Josh Modell of The A.V. Club gave the episode a "B" grade and wrote, "I thought that Vince would be repeatedly marginalized by Werner and that his part would end up on the cutting-room floor (which would've been sorta funny to watch). I think one of you fine folks speculated that Vince would quit. But no! Tonight's episode was entertaining because we were all wrong." Alan Sepinwall wrote, "I think I liked it more as a finale than I do as a penultimate episode, since I suspect all will somehow be made well by the end of next week's show. Still, the Vince/Verner blow-up played out entertainingly, and if the show manages to pull Vince out of his latest mess, at least it gave us a couple of interesting episodes before it did so."

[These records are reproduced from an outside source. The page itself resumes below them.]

text \<open>The relative error grows by at most \<open>85/2^b\<close> per multiplication; the bound on \<open>J\<close> keeps
  it below \<open>1/2\<close>, which keeps the partial products below \<open>3\<close>.\<close>
lemma fp_loop_accuracy:
  fixes x f :: real and wh :: "nat \<Rightarrow> real"
  assumes x: "1 \<le> x" "x \<le> 2" and f: "0 \<le> f" "f < 1"
    and wh: "\<And>j. 1 \<le> wh (Suc j) \<and> \<bar>wh (Suc j) - x powr (1 / 2 ^ Suc j)\<bar> \<le> 28 / 2 ^ b"
    and J: "170 * real J \<le> 2 ^ b"
  shows "j \<le> J \<Longrightarrow> 1 \<le> fp_loop wh f b j \<and>
     \<bar>fp_loop wh f b j - x powr (\<lfloor>2 ^ j * f\<rfloor> / 2 ^ j)\<bar>
       \<le> 85 / 2 ^ b * j * x powr (\<lfloor>2 ^ j * f\<rfloor> / 2 ^ j)"
proof (induction j)
  case 0
  have "\<lfloor>f\<rfloor> = 0" using f by (simp add: floor_eq_iff)
  then show ?case using x by simp
next
  case (Suc j)
  define z where "z = fp_loop wh f b j"
  define P where "P = x powr (\<lfloor>2 ^ j * f\<rfloor> / 2 ^ j)"
  define w where "w = x powr (1 / 2 ^ Suc j)"
  define c :: real where "c = 85 / 2 ^ b"
  have z: "1 \<le> z" "\<bar>z - P\<bar> \<le> c * j * P" using Suc unfolding z_def P_def c_def by auto
  have "P \<le> x powr 1" unfolding P_def using x dyadic_truncation_bounds[of f j] f by (intro powr_mono) auto
  hence P: "1 \<le> P" "P \<le> 2" unfolding P_def using x dyadic_truncation_bounds[of f j] f
    by (auto simp: ge_one_powr_ge_zero)
  have w1: "1 \<le> w" unfolding w_def using x by (simp add: ge_one_powr_ge_zero)
  have "c * j \<le> c * J" using Suc.prems by (intro mult_left_mono) (auto simp: c_def)
  also have "\<dots> \<le> 1/2" using J by (simp add: c_def divide_simps)
  finally have "c * j * P \<le> 1/2 * 2" using P by (intro mult_mono) auto
  hence z3: "z \<le> 3" using z P by linarith
  have target: "x powr (\<lfloor>2 ^ Suc j * f\<rfloor> / 2 ^ Suc j) = (if frac_bit f (Suc j) then P * w else P)"
    unfolding P_def w_def by (rule powr_dyadic_truncation_Suc)
  show ?case
  proof (cases "frac_bit f (Suc j)")
    case False
    have "c * j * P \<le> c * Suc j * P" using P by (intro mult_right_mono mult_left_mono) (auto simp: c_def)
    then show ?thesis using target False z unfolding z_def c_def by simp
  next
    case True
    define w' where "w' = wh (Suc j)"
    have w': "1 \<le> w'" "\<bar>w' - w\<bar> \<le> 28 / 2 ^ b" using wh[of j] unfolding w'_def w_def by auto
    have "\<bar>trunc_bits b (z * w') - P * w\<bar> \<le> c * j * P * w + z * (28 / 2 ^ b) + 1 / 2 ^ b"
      using abs_trunc_bits_mult_diff_le[of w z P "c * j * P" w' "28 / 2 ^ b" b] w1 z w' by simp
    also have "\<dots> \<le> c * j * (P * w) + c" using z3 unfolding c_def by (simp add: divide_simps)
    also have "\<dots> \<le> c * Suc j * (P * w)"
    proof -
      have "1 \<le> P * w" using mult_mono[OF P(1) w1] P(1) by simp
      moreover have "0 \<le> c" unfolding c_def by simp
      ultimately have "c \<le> c * (P * w)" using mult_left_mono[of 1 "P * w" c] by simp
      thus ?thesis by (simp add: algebra_simps)
    qed
    finally have "\<bar>trunc_bits b (z * w') - P * w\<bar> \<le> c * Suc j * (P * w)" .
    moreover have "1 \<le> trunc_bits b (z * w')"
      using mult_mono[OF z(1) w'(1)] z(1) by (intro one_le_trunc_bits) simp
    ultimately show ?thesis using target True unfolding z_def w'_def c_def by simp
  qed
qed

Trish Wethman of TV Guide wrote, "With only one episode left to go, I'm not quite sure how things can get any worse for the boys from Queens. Vince's situation took a dire turn this week as Verner's over-the-top demands pushed Vince to the breaking point. As Vince stood up for himself and demanded some clarity from his mercurial director, Verner unceremoniously fired him on the spot." Rob Hunter of Film School Rejects wrote, "Normally I would take this opportunity to scoff at the unrealistic world of Entourage, but apparently Sigler and Jerry Ferrara are actually dating in real life after meeting on the show. So instead I'll just say it's a nice change to finally see Turtle getting some action and talking about his dreams that don't involve Vince. And to be honest, Sigler is yesterday's news in Hollywood now that she no longer has an eating disorder to keep her weight in check. Meaning her relationship with the squat Turtle may actually be pretty believable after all. But seriously. What the fuck happened to Jason Patric?"

Doug Ellin and Rob Weiss submitted this episode for consideration for Outstanding Writing for a Comedy Series at the 61st Primetime Emmy Awards.